Two lines below mark the span: the one containing "at \<open>z\<close>, hence" and the one containing "- 0)) \<longlongrightarrow>". Set down both, plus every line between, exactly as they stand, and nothing else.

**Task input:**

▬▬▬▬▬▬▬▬▬▬

definition Gamma :: "'a set \<Rightarrow> ('a set \<Rightarrow> real) \<Rightarrow> real" where
  "Gamma A \<rho> = finf {min 1 (1 - max 0 (Kdeg R A + fincl A R \<rho> - 1)
        + fsup {max 0 (Kdeg W A + FF A W - 1) | W.
                  fuzzy_on_pow A W \<and> (\<forall>B. B \<subseteq> A \<longrightarrow> W B \<le> R B)}) | R.
        fuzzy_on_pow A R}"

end

theory Submission
  imports Defs
begin

(* If U has positive neighbourhood degree at some point, some basic cylinder through that point
   lies inside U, and it constrains only a finite set T of coordinates. For every t outside T the
   projection p_t therefore maps U onto X_t, and it is continuous from (U, \<Pi>/U) to
   (X_t, (\<tau>_P)_t) because the preimage of a pre-open set is a subbasic cylinder. Compactness
   degree does not decrease along continuous surjections: a fuzzy cover R of X_t pulls back to the
   family on U that copies R onto the saturated sets and vanishes elsewhere; it covers U to the same
   degree, is contained in \<Pi>/U at least as much as R is in (\<tau>_P)_t, and its subfamilies
   correspond to those of R with equal covering and finiteness degrees. *)

lemma fsup_least: "(\<And>a. a \<in> A \<Longrightarrow> a \<le> c) \<Longrightarrow> 0 \<le> c \<Longrightarrow> fsup A \<le> c"
  unfolding fsup_def by (auto intro: cSup_least)

lemma fsup_upper: "a \<in> A \<Longrightarrow> A \<subseteq> {0..1} \<Longrightarrow> a \<le> fsup A"
  unfolding fsup_def by (auto intro!: cSup_upper bdd_aboveI[where M = 1])

lemma finf_greatest: "(\<And>a. a \<in> A \<Longrightarrow> c \<le> a) \<Longrightarrow> c \<le> 1 \<Longrightarrow> c \<le> finf A"
  unfolding finf_def by (auto intro: cInf_greatest)

lemma finf_lower: "a \<in> A \<Longrightarrow> A \<subseteq> {0..1} \<Longrightarrow> finf A \<le> a"
  unfolding finf_def by (auto intro!: cInf_lower bdd_belowI[where m = 0])

lemma fsup_in_unit: "A \<subseteq> {0..1} \<Longrightarrow> fsup A \<in> {0..1}"
proof (cases "A = {}")
  case False
  then obtain a where "a \<in> A" by blast
  moreover assume "A \<subseteq> {0..1}"
  ultimately show ?thesis
    using fsup_upper[of a A] fsup_least[of A 1] by force
qed (simp add: fsup_def)

lemma finf_in_unit: "A \<subseteq> {0..1} \<Longrightarrow> finf A \<in> {0..1}"
proof (cases "A = {}")
  case False
  then obtain a where "a \<in> A" by blast
  moreover assume "A \<subseteq> {0..1}"
  ultimately show ?thesis
    using finf_lower[of a A] finf_greatest[of A 0] by force
qed (simp add: finf_def)

lemma fsup_posE:
  assumes "0 < fsup A"
  obtains a where "a \<in> A" "0 < a"
  using assms fsup_least[of A 0] by force

lemma fsup_le_fsup:
  assumes "\<And>a. a \<in> A \<Longrightarrow> a \<le> 0 \<or> (\<exists>b\<in>B. a \<le> b)" and "B \<subseteq> {0..1}"
  shows "fsup A \<le> fsup B"
  using assms fsup_in_unit[OF assms(2)] fsup_upper[OF _ assms(2)]
  by (intro fsup_least) (force+)

lemma finf_le_finf:
  assumes "\<And>b. b \<in> B \<Longrightarrow> 1 \<le> b \<or> (\<exists>a\<in>A. a \<le> b)" and "A \<subseteq> {0..1}"
  shows "finf A \<le> finf B"
  using assms finf_in_unit[OF assms(2)] finf_lower[OF _ assms(2)]
  by (intro finf_greatest) (force+)

definition subcover_degree :: "'a set \<Rightarrow> ('a set \<Rightarrow> real) \<Rightarrow> real" where
  "subcover_degree A R = fsup {max 0 (Kdeg W A + FF A W - 1) | W.
      fuzzy_on_pow A W \<and> (\<forall>B. B \<subseteq> A \<longrightarrow> W B \<le> R B)}"

definition Gamma_at :: "'a set \<Rightarrow> ('a set \<Rightarrow> real) \<Rightarrow> ('a set \<Rightarrow> real) \<Rightarrow> real" where
  "Gamma_at A \<rho> R = min 1 (1 - max 0 (Kdeg R A + fincl A R \<rho> - 1) + subcover_degree A R)"

lemma Gamma_eq_finf_Gamma_at: "Gamma A \<rho> = finf {Gamma_at A \<rho> R | R. fuzzy_on_pow A R}"
  unfolding Gamma_def Gamma_at_def subcover_degree_def ..

lemma Kdeg_in_unit: "fuzzy_on_pow A R \<Longrightarrow> Kdeg R A \<in> {0..1}"
  unfolding Kdeg_def fuzzy_on_pow_def
  by (rule finf_in_unit) (auto intro!: fsup_in_unit)

lemma FF_in_unit: "FF A W \<in> {0..1}"
proof -
  have "finf {\<delta>. 0 \<le> \<delta> \<and> \<delta> \<le> 1 \<and> finite {B. B \<subseteq> A \<and> W B > \<delta>}} \<in> {0..1}"
    by (rule finf_in_unit) auto
  then show ?thesis unfolding FF_def by auto
qed
(* Let $T>0$, let $H(t,p)\in C^1([0,T]\times\mathbb{R}^n)$ and let $\sigma\in C^1(\mathbb{R}^n)$ be convex and Lipschitz. Suppose that for some $t_1\in(0,T)$ the function $\omega(x)=u(t_1,x)=\big(\sigma^*+\int_0^{t_1}H(\tau,\cdot)d\tau\big)^*(x)$ is of class $C^1(\mathbb{R}^n)$. Then: (1) every characteristic curve $\mathcal C:\ x=x(t,z)=z+\int_{t_1}^tH_p(\tau,D\omega(z))\,d\tau$, $t\in[t_1,T]$, of problem $(H,\omega)$ can be extended backward to a characteristic curve of problem $(H,\sigma)$ on $[0,T]$ starting at $(0,y)$, where $y=z-\int_0^{t_1}H_p(\tau,D\omega(z))\,d\tau$; that is, the curve $x(t)=z+\int_{t_1}^tH_p(\tau,D\omega(z))d\tau$, $t\in[0,T]$, is the characteristic curve of $(H,\sigma)$ emanating from $y$. (2) Conversely, if $\mathcal C':\ x=x(t,y)=y+\int_0^tH_p(\tau,D\sigma(y))\,d\tau$, $t\in[0,T]$, is a characteristic curve of problem $(H,\sigma)$ which is of type (I) at the point $(t_1,x_1)$, $x_1=x(t_1,y)$, then the restriction of $\mathcal C'$ to $[t_1,T]$ is a characteristic curve of problem $(H,\omega)$ on $[t_1,T]\times\mathbb{R}^n$, namely it equals $x=x_1+\int_{t_1}^tH_p(\tau,D\omega(x_1))d\tau$, $t\in[t_1,T]$.
   Context: $f^*(y)=\sup_q\{\langle y,q\rangle-f(q)\}$ denotes the Fenchel conjugate; $D\sigma$, $D\omega$ denote gradients and $H_p$ the gradient of $H$ in $p$. Problem $(H,\sigma)$ is the Cauchy problem $u_t+H(t,D_xu)=0$ on $(0,T)\times\mathbb{R}^n$, $u(0,x)=\sigma(x)$; its characteristic curve emanating from $y\in\mathbb{R}^n$ is $x(t,y)=y+\int_0^tH_p(\tau,D\sigma(y))d\tau$, $t\in[0,T]$ (the $x$-component of the solution of $\dot x=H_p$, $\dot v=\langle H_p,p\rangle-H$, $\dot p=0$, $x(0)=y$, $v(0)=\sigma(y)$, $p(0)=D\sigma(y)$). Problem $(H,\omega)$ is the Cauchy problem $u_t+H(t,D_xu)=0$ on $(t_1,T)\times\mathbb{R}^n$, $u(t_1,x)=\omega(x)$; its characteristic curve emanating from $z$ is $x(t,z)=z+\int_{t_1}^tH_p(\tau,D\omega(z))d\tau$, $t\in[t_1,T]$. For $(t,x)$, $\ell(t,x)$ is the set of maximizers $p\in\mathbb{R}^n$ of $q\mapsto\langle x,q\rangle-\sigma^*(q)-\int_0^tH(\tau,q)d\tau$. A characteristic curve of $(H,\sigma)$ emanating from $y$ and passing through $(t_0,x_0)$ is of type (I) at $(t_0,x_0)$ if $D\sigma(y)\in\ell(t_0,x_0)$. *)

theory Defs
  imports "HOL-Analysis.Analysis" "HOL-Library.Extended_Real"
begin

definition fconj :: "('a::euclidean_space \<Rightarrow> ereal) \<Rightarrow> 'a \<Rightarrow> ereal" where
  "fconj f y = (SUP q. ereal (inner y q) - f q)"

definition ointegral :: "real \<Rightarrow> real \<Rightarrow> (real \<Rightarrow> 'b::euclidean_space) \<Rightarrow> 'b" where
  "ointegral a b f = (if a \<le> b then integral {a..b} f else - integral {b..a} f)"

definition ell :: "('a::euclidean_space \<Rightarrow> real) \<Rightarrow> (real \<Rightarrow> 'a \<Rightarrow> real) \<Rightarrow> real \<Rightarrow> 'a \<Rightarrow> 'a set" where
  "ell \<sigma> H t x = {p. \<forall>q.
      ereal (inner x q) - fconj (\<lambda>z. ereal (\<sigma> z)) q - ereal (integral {0..t} (\<lambda>\<tau>. H \<tau> q))
      \<le> ereal (inner x p) - fconj (\<lambda>z. ereal (\<sigma> z)) p - ereal (integral {0..t} (\<lambda>\<tau>. H \<tau> p))}"

end

theory Submission
  imports Defs
begin

text \<open>Write \<open>I(q)\<close> for the integral of \<open>H(\<tau>, q)\<close> over \<open>[0, t\<^sub>1]\<close>, so that
  \<open>\<omega> = (\<sigma>\<^sup>* + I)\<^sup>*\<close>. Since \<open>\<sigma>\<close> is Lipschitz, \<open>\<sigma>\<^sup>*\<close> is finite only on a ball, so the
  supremum defining \<open>\<omega>(z)\<close> is attained at some \<open>p\<close>; such a \<open>p\<close> is a subgradient of \<open>\<omega>\<close>
  at \<open>z\<close>, hence \<open>p = D\<omega>(z)\<close>. The first-order condition at the maximiser says
  \<open>y = z - DI(p) \<in> \<partial>\<sigma>\<^sup>*(p)\<close>, i.e. \<open>p\<close> is a subgradient of \<open>\<sigma>\<close> at \<open>y\<close>, so
  \<open>D\<sigma>(y) = D\<omega>(z)\<close>: both characteristics carry the same momentum and therefore coincide.
  Conversely, type (I) says that \<open>D\<sigma>(y)\<close> attains the supremum defining \<open>\<omega>(x\<^sub>1)\<close>, so it
  is a subgradient, hence the gradient, of \<open>\<omega>\<close> at \<open>x\<^sub>1\<close>.\<close>

lemma DERIV_le_of_le_linear_at_right:
  fixes f :: "real \<Rightarrow> real"
  assumes deriv: "(f has_real_derivative a) (at 0)" and f0: "f 0 = 0"
    and le: "\<And>s. 0 < s \<Longrightarrow> s \<le> 1 \<Longrightarrow> f s \<le> s * c"
  shows "a \<le> c"
proof -
  have "((\<lambda>s. (f s - f 0) / (s - 0)) \<longlongrightarrow> a) (at 0)"
    using deriv by (simp add: has_field_derivative_iff)
  hence slope: "((\<lambda>s. f s / s) \<longlongrightarrow> a) (at_right 0)"
    using f0 by (auto intro: tendsto_mono[OF at_le])
  have "eventually (\<lambda>s. 0 < s \<and> s < 1) (at_right (0::real))"
    by (simp add: eventually_at_right_field) (auto intro: exI[of _ 1])
  hence "eventually (\<lambda>s. f s / s \<le> c) (at_right (0::real))"
    by eventually_elim (use le in \<open>auto simp: divide_le_eq mult.commute\<close>)
  thus ?thesis using tendsto_upperbound[OF slope] by simp
qed

lemma has_real_derivative_along_line:
  fixes f :: "'a::real_inner \<Rightarrow> real"
  assumes "(f has_derivative inner d) (at (x + s *\<^sub>R v))"
  shows "((\<lambda>s. f (x + s *\<^sub>R v)) has_real_derivative inner d v) (at s)"
proof -
  have "((\<lambda>s. x + s *\<^sub>R v) has_derivative (\<lambda>s. s *\<^sub>R v)) (at s)"
    by (auto intro!: derivative_eq_intros)
  from has_derivative_compose[OF this assms]
  show ?thesis unfolding has_field_derivative_def
    by (rule has_derivative_eq_rhs) (auto simp: fun_eq_iff)
qed

lemma subgradient_eq_gradient:
  fixes f :: "'a::real_inner \<Rightarrow> real"
  assumes deriv: "(f has_derivative inner d) (at x)"
    and subgradient: "\<And>w. f x + inner p (w - x) \<le> f w"
  shows "p = d"
proof -
  define v where "v = p - d"
  have "((\<lambda>s. f (x + s *\<^sub>R v)) has_real_derivative inner d v) (at 0)"
    by (rule has_real_derivative_along_line) (simp add: deriv)
  from DERIV_minus[OF DERIV_diff[OF this DERIV_const[of "f x"]]]
  have slope: "((\<lambda>s. - (f (x + s *\<^sub>R v) - f x)) has_real_derivative - inner d v) (at 0)"
    by simp
  have le: "- (f (x + s *\<^sub>R v) - f x) \<le> s * (- inner p v)" for s
    using subgradient[of "x + s *\<^sub>R v"] by simp
  have "- inner d v \<le> - inner p v"
    by (rule DERIV_le_of_le_linear_at_right[OF slope]) (simp, rule le)
  hence "inner v v \<le> 0" by (simp add: v_def inner_diff_left)
  hence "v = 0" by (metis inner_gt_zero_iff not_le)
  thus ?thesis by (simp add: v_def)
qed

lemma convex_on_above_tangent_plane:
  fixes f :: "'a::real_inner \<Rightarrow> real"
  assumes convex: "convex_on UNIV f" and deriv: "(f has_derivative inner d) (at y)"
  shows "f y + inner d (w - y) \<le> f w"
proof -
  have "((\<lambda>s. f (y + s *\<^sub>R (w - y))) has_real_derivative inner d (w - y)) (at 0)"
    by (rule has_real_derivative_along_line) (simp add: deriv)
  from DERIV_diff[OF this DERIV_const[of "f y"]]
  have slope: "((\<lambda>s. f (y + s *\<^sub>R (w - y)) - f y) has_real_derivative inner d (w - y)) (at 0)"
    by simp
  have le: "f (y + s *\<^sub>R (w - y)) - f y \<le> s * (f w - f y)" if "0 < s" "s \<le> 1" for s
  proof -
    have "f ((1 - s) *\<^sub>R y + s *\<^sub>R w) \<le> (1 - s) * f y + s * f w"
      using convex that by (intro convex_onD) auto
    moreover have "(1 - s) *\<^sub>R y + s *\<^sub>R w = y + s *\<^sub>R (w - y)" by (simp add: algebra_simps)
    ultimately show ?thesis by (simp add: algebra_simps)
  qed
  have "inner d (w - y) \<le> f w - f y"
    by (rule DERIV_le_of_le_linear_at_right[OF slope]) (simp, rule le)
  thus ?thesis by simp
qed

lemma fconj_ge: "ereal (inner x q) - g q \<le> fconj g x"
  unfolding fconj_def by (rule SUP_upper) simp

lemma fconj_le_iff: "fconj g x \<le> c \<longleftrightarrow> (\<forall>q. ereal (inner x q) - g q \<le> c)"
  unfolding fconj_def by (simp add: SUP_le_iff)

lemma fconj_real_le_iff:
  "fconj (\<lambda>x. ereal (f x)) q \<le> ereal c \<longleftrightarrow> (\<forall>w. inner w q - f w \<le> c)"
  by (simp add: fconj_le_iff inner_commute)

lemma fconj_real_ge: "ereal (inner w q - f w) \<le> fconj (\<lambda>x. ereal (f x)) q"
  using fconj_ge[of q w "\<lambda>x. ereal (f x)"] by (simp add: inner_commute)

lemma fconj_real_neq_minf: "fconj (\<lambda>x. ereal (f x)) q \<noteq> -\<infinity>"
  using fconj_real_ge[of 0 q f] by (metis MInfty_neq_ereal(1) ereal_infty_less_eq(2))

lemma fconj_real_convex:
  assumes "fconj (\<lambda>x. ereal (f x)) p \<le> ereal a" "fconj (\<lambda>x. ereal (f x)) r \<le> ereal b"
    and "0 \<le> s" "s \<le> 1"
  shows "fconj (\<lambda>x. ereal (f x)) ((1 - s) *\<^sub>R p + s *\<^sub>R r) \<le> ereal ((1 - s) * a + s * b)"
  unfolding fconj_real_le_iff
proof
  fix w
  have "inner w p - f w \<le> a" "inner w r - f w \<le> b"
    using assms(1,2) unfolding fconj_real_le_iff by blast+
  hence "(1 - s) * (inner w p - f w) + s * (inner w r - f w) \<le> (1 - s) * a + s * b"
    using assms(3,4) by (intro add_mono mult_left_mono) auto
  thus "inner w ((1 - s) *\<^sub>R p + s *\<^sub>R r) - f w \<le> (1 - s) * a + s * b"
    by (simp add: inner_add_right algebra_simps)
qed

lemma fconj_gradient_eq:
  assumes "convex_on UNIV f" "(f has_derivative inner d) (at y)"
  shows "fconj (\<lambda>x. ereal (f x)) d = ereal (inner y d - f y)"
proof (rule antisym)
  show "fconj (\<lambda>x. ereal (f x)) d \<le> ereal (inner y d - f y)"
    unfolding fconj_real_le_iff
  proof
    fix w
    have "f y + inner d (w - y) \<le> f w" by (rule convex_on_above_tangent_plane[OF assms])
    thus "inner w d - f w \<le> inner y d - f y"
      by (simp add: inner_diff_right inner_commute)
  qed
qed (rule fconj_real_ge)

lemma fconj_lipschitz_bounded:
  fixes f :: "'a::euclidean_space \<Rightarrow> real"
  assumes lip: "L-lipschitz_on UNIV f" and le: "fconj (\<lambda>x. ereal (f x)) q \<le> ereal c"
  shows "norm q \<le> L"
proof (rule ccontr)
  assume "\<not> norm q \<le> L"
  define a where "a = norm q * (norm q - L)"
  have a: "a > 0"
    using \<open>\<not> norm q \<le> L\<close> lipschitz_on_nonneg[OF lip] unfolding a_def
    by (intro mult_pos_pos) auto
  define s where "s = (\<bar>c + f 0\<bar> + 1) / a"
  have s: "s > 0" using a by (simp add: s_def)
  have "inner (s *\<^sub>R q) q - f (s *\<^sub>R q) \<le> c"
    using le unfolding fconj_real_le_iff by blast
  moreover have "f (s *\<^sub>R q) \<le> f 0 + L * (s * norm q)"
    using lipschitz_onD[OF lip, of "s *\<^sub>R q" 0] s by (simp add: dist_norm dist_real_def)
  moreover have "inner (s *\<^sub>R q) q - L * (s * norm q) = s * a"
    by (simp add: a_def dot_square_norm power2_eq_square algebra_simps)
  moreover have "s * a = \<bar>c + f 0\<bar> + 1" using a by (simp add: s_def)
  ultimately show False by linarith
qed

▬▬▬▬▬▬▬▬▬▬

**Written answer:**
  at \<open>z\<close>, hence \<open>p = D\<omega>(z)\<close>. The first-order condition at the maximiser says
  \<open>y = z - DI(p) \<in> \<partial>\<sigma>\<^sup>*(p)\<close>, i.e. \<open>p\<close> is a subgradient of \<open>\<sigma>\<close> at \<open>y\<close>, so
  \<open>D\<sigma>(y) = D\<omega>(z)\<close>: both characteristics carry the same momentum and therefore coincide.
  Conversely, type (I) says that \<open>D\<sigma>(y)\<close> attains the supremum defining \<open>\<omega>(x\<^sub>1)\<close>, so it
  is a subgradient, hence the gradient, of \<open>\<omega>\<close> at \<open>x\<^sub>1\<close>.\<close>

lemma DERIV_le_of_le_linear_at_right:
  fixes f :: "real \<Rightarrow> real"
  assumes deriv: "(f has_real_derivative a) (at 0)" and f0: "f 0 = 0"
    and le: "\<And>s. 0 < s \<Longrightarrow> s \<le> 1 \<Longrightarrow> f s \<le> s * c"
  shows "a \<le> c"
proof -
  have "((\<lambda>s. (f s - f 0) / (s - 0)) \<longlongrightarrow> a) (at 0)"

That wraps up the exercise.